■ REQUIRED WORK ■
When a line below contains the string "finally", show that line.

*** EXERCISE DATA Section Begins ***

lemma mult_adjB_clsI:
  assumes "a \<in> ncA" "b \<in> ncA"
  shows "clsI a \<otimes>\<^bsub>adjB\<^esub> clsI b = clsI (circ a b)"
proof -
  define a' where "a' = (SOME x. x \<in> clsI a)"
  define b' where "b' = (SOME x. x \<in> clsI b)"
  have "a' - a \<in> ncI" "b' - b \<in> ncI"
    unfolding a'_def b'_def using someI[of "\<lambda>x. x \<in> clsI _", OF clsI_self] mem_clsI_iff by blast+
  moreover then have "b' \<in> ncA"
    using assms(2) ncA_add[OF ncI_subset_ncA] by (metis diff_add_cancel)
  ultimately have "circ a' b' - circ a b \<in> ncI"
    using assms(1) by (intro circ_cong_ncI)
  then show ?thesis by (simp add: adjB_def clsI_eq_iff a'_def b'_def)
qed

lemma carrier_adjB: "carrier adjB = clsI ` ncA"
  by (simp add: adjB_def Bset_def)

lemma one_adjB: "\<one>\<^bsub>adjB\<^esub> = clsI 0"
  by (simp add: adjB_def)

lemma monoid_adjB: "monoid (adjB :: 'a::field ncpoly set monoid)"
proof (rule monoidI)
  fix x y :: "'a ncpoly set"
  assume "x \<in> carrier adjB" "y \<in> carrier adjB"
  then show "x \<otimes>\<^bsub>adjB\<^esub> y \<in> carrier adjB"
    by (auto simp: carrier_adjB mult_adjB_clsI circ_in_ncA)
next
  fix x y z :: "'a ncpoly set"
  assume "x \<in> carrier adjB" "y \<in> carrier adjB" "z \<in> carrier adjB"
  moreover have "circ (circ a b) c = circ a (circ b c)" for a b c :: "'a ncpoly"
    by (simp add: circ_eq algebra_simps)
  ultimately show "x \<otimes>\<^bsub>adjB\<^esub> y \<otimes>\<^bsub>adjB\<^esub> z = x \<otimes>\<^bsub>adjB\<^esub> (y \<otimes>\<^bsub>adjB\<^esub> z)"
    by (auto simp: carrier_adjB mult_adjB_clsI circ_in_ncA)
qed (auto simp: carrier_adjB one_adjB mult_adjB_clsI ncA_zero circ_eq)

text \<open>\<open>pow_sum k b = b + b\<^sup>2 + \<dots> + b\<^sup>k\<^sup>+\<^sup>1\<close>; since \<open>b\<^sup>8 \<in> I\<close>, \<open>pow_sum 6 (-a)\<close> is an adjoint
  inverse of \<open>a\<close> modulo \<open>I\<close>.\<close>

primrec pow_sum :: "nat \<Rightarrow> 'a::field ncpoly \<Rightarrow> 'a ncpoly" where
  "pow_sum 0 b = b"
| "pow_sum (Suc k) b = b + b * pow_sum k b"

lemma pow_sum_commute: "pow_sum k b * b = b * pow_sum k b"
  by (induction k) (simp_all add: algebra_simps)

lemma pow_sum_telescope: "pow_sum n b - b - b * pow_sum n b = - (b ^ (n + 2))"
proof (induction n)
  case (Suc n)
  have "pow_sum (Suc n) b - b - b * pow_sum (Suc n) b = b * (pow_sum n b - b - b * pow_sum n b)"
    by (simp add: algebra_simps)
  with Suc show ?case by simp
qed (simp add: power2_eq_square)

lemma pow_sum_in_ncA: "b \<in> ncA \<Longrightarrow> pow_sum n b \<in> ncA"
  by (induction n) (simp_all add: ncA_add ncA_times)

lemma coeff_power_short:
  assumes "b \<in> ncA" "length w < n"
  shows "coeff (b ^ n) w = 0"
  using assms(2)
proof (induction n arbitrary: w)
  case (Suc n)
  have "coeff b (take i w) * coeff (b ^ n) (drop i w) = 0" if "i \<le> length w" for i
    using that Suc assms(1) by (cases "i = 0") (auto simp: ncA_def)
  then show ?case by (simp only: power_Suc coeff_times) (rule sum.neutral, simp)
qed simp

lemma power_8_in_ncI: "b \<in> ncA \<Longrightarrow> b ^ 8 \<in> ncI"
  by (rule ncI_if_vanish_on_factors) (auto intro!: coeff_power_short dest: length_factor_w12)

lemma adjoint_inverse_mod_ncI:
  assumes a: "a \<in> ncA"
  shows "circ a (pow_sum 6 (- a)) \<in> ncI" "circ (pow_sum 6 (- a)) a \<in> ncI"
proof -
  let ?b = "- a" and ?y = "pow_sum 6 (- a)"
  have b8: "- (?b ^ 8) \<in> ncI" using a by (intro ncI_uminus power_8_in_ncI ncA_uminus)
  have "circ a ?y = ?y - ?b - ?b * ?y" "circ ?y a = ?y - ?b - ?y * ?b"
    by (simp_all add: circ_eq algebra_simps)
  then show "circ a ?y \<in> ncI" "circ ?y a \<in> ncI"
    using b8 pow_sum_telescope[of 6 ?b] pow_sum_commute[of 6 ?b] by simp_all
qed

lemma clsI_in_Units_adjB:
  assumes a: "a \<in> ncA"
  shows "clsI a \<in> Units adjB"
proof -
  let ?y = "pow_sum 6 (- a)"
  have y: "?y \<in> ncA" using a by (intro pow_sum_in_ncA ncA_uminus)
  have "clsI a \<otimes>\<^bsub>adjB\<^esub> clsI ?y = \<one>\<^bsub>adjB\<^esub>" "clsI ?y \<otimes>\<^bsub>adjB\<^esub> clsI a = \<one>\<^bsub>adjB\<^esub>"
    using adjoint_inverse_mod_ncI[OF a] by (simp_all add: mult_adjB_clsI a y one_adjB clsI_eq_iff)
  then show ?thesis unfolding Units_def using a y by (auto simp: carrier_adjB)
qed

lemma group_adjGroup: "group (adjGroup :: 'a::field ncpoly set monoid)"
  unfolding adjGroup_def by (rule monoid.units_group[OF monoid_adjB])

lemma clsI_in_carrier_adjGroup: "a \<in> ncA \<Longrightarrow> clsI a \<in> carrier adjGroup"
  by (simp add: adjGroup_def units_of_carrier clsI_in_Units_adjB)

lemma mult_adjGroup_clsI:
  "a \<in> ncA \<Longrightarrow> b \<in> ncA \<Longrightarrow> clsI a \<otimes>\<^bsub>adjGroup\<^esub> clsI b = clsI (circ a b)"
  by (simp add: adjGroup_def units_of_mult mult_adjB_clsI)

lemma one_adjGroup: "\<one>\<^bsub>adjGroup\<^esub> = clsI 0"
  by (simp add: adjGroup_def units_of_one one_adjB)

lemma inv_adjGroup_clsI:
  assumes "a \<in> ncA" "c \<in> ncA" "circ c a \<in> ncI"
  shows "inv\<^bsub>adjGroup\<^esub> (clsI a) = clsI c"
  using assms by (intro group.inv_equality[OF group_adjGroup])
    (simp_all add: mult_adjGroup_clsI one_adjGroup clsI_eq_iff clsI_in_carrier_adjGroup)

*** EXERCISE DATA Section Ends ***
*** EXERCISE DATA Section Begins ***

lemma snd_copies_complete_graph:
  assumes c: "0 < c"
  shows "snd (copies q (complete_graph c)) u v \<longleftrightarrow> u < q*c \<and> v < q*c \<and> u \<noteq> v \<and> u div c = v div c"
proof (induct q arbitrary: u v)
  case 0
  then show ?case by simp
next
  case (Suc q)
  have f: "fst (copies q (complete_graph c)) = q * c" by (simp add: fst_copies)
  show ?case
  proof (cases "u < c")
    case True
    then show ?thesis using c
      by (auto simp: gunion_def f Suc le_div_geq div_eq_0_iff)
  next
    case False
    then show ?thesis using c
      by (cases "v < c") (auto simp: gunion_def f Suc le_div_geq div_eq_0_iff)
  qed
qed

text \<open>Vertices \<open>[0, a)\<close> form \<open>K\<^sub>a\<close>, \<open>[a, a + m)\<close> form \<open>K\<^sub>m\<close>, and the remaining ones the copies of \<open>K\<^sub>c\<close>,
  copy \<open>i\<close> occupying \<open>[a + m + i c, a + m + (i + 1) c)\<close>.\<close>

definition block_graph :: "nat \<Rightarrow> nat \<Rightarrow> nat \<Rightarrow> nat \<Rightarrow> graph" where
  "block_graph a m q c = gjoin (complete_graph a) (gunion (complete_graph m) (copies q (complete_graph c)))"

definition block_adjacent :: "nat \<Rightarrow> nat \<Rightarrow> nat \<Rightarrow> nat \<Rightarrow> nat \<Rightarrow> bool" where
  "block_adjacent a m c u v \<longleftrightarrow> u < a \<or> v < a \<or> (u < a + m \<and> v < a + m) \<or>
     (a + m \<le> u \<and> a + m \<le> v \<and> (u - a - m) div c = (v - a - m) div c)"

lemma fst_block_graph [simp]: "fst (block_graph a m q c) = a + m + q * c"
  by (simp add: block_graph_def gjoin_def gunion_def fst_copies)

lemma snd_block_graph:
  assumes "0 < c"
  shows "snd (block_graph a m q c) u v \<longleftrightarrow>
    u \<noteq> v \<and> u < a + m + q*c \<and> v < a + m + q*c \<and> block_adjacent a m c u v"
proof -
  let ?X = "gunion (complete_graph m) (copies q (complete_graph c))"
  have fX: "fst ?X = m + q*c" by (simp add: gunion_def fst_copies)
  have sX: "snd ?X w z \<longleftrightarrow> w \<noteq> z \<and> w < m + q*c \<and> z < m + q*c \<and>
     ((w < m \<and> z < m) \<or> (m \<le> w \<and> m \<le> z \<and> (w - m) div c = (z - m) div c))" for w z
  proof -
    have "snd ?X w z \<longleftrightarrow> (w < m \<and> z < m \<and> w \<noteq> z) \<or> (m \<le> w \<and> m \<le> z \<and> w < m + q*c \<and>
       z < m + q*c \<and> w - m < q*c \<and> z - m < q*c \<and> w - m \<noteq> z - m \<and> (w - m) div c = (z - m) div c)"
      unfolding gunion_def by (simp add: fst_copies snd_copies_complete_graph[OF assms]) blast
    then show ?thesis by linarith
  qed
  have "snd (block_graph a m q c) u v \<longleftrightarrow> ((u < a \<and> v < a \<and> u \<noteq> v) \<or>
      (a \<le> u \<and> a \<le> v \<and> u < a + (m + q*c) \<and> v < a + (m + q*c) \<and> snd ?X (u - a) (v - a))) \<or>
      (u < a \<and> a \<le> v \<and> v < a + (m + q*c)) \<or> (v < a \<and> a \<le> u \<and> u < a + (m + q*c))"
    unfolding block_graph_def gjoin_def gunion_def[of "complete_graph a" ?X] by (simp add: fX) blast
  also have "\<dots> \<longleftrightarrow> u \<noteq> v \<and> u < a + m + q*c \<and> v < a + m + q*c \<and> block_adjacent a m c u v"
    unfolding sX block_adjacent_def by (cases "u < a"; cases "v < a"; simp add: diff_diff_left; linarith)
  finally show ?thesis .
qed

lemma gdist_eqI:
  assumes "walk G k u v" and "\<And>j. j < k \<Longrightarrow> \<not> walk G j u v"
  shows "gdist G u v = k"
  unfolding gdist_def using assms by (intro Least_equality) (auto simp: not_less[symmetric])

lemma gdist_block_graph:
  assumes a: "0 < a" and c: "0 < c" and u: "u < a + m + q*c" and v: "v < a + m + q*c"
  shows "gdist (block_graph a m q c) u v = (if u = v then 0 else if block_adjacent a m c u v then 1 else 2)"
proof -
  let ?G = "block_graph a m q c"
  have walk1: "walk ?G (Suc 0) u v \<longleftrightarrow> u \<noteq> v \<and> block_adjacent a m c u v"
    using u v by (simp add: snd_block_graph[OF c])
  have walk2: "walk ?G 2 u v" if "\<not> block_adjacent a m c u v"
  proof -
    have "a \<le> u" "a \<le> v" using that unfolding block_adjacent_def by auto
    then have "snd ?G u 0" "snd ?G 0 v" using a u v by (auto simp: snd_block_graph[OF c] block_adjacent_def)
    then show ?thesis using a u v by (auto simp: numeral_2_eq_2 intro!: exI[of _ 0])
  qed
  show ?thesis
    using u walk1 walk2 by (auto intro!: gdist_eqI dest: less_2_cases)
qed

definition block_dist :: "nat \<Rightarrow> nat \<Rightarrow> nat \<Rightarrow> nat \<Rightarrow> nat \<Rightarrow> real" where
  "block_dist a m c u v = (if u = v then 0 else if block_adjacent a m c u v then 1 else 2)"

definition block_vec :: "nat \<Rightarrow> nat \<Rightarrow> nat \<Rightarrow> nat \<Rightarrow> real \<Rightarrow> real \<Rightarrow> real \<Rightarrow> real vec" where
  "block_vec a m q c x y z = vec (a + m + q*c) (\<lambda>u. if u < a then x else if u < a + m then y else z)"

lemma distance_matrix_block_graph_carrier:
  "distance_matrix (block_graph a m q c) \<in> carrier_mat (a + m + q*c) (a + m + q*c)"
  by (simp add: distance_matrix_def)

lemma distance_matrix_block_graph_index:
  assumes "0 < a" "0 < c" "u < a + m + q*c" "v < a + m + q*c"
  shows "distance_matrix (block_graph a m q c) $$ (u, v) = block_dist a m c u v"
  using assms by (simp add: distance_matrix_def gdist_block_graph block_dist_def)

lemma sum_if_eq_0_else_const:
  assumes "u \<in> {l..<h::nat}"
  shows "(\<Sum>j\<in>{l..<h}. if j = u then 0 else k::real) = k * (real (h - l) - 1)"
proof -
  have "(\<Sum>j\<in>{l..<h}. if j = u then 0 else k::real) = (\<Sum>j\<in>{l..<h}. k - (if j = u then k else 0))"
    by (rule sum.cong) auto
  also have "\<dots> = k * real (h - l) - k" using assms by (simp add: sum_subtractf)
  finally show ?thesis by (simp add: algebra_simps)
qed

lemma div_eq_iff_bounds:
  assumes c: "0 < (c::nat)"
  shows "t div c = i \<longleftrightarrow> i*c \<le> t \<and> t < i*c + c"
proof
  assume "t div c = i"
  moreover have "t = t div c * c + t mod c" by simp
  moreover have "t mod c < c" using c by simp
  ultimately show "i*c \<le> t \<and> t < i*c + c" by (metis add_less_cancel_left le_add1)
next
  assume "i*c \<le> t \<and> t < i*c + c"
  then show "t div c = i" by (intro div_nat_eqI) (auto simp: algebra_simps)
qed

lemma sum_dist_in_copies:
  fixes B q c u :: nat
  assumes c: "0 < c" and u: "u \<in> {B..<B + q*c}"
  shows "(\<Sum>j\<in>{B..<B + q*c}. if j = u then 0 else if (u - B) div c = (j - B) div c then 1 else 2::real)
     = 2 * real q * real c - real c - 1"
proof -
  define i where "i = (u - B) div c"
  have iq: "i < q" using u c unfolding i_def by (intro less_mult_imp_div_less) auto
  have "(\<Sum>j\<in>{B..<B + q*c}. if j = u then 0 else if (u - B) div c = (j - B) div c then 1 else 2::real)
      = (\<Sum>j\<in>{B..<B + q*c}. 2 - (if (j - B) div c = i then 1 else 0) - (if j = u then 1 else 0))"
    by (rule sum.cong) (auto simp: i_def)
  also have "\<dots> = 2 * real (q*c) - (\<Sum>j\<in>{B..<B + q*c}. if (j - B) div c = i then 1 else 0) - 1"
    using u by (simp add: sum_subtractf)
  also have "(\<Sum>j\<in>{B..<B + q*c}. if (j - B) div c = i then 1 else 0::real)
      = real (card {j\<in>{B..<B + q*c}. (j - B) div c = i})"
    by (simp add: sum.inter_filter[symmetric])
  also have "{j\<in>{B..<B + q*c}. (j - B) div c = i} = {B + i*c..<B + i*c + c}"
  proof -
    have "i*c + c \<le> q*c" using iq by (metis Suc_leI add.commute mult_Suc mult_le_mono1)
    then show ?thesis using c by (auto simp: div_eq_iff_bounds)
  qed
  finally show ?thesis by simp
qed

*** EXERCISE DATA Section Ends ***
*** EXERCISE DATA Section Begins ***

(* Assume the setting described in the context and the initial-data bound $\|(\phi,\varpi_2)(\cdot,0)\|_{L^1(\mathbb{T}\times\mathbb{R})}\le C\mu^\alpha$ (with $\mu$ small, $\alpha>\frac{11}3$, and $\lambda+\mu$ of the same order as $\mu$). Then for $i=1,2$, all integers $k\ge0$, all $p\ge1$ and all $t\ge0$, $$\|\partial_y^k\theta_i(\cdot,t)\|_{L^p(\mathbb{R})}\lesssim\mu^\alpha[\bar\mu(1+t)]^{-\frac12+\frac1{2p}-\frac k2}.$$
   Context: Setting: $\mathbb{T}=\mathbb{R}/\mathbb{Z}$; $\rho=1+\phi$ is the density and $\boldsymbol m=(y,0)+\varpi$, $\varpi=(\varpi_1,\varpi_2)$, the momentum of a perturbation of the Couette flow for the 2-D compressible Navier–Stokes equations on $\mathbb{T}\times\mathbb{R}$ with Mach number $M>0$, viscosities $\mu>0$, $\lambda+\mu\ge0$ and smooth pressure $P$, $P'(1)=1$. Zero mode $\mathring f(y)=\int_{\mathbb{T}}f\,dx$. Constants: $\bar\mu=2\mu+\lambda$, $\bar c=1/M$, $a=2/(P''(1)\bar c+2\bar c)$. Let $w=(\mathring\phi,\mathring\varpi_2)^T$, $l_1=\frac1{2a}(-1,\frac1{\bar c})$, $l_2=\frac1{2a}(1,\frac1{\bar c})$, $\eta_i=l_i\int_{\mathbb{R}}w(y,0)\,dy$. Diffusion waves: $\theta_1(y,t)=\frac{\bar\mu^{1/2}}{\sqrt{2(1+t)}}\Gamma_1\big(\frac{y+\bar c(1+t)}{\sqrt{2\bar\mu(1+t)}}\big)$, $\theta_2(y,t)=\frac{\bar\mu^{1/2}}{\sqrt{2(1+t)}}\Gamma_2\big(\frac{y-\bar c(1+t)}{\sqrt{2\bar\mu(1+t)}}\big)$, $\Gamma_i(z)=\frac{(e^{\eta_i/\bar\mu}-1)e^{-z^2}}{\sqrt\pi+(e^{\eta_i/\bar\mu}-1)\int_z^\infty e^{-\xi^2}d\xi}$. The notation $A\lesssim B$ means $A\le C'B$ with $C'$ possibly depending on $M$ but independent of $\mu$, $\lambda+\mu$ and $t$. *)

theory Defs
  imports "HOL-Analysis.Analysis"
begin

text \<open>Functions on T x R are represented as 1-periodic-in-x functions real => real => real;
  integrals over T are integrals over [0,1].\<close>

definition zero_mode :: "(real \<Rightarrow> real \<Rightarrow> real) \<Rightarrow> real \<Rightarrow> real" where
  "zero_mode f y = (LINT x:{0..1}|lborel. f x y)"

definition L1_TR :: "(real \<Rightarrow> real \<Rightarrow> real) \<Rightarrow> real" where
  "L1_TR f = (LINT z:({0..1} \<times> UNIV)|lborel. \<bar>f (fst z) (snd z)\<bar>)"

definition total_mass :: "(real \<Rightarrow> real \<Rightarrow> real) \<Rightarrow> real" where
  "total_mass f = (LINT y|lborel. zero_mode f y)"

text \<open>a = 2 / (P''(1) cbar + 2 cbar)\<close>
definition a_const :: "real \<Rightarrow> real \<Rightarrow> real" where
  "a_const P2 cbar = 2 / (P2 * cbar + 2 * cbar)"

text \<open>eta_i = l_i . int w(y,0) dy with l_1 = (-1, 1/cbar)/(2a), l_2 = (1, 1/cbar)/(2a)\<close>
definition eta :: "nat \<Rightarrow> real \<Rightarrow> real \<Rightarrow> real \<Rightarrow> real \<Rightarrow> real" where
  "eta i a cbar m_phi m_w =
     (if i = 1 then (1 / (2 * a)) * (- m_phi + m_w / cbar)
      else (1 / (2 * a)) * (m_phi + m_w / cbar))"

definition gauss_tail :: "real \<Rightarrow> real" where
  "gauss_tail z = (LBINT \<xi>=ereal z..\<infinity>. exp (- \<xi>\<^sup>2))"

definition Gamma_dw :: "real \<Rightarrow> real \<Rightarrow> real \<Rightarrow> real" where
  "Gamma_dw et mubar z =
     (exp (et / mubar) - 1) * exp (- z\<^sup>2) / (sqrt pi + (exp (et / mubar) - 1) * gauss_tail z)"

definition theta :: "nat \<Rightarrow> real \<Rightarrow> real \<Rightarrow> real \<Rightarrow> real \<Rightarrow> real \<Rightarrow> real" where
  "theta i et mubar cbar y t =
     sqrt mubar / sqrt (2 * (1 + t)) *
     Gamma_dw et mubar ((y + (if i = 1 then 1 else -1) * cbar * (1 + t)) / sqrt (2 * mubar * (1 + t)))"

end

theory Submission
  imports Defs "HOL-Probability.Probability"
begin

*** EXERCISE DATA Section Ends ***

■ RESULT OF THE EXERCISE ■
  finally show ?thesis .
  finally show ?thesis by (simp add: algebra_simps)
  finally show ?thesis by simp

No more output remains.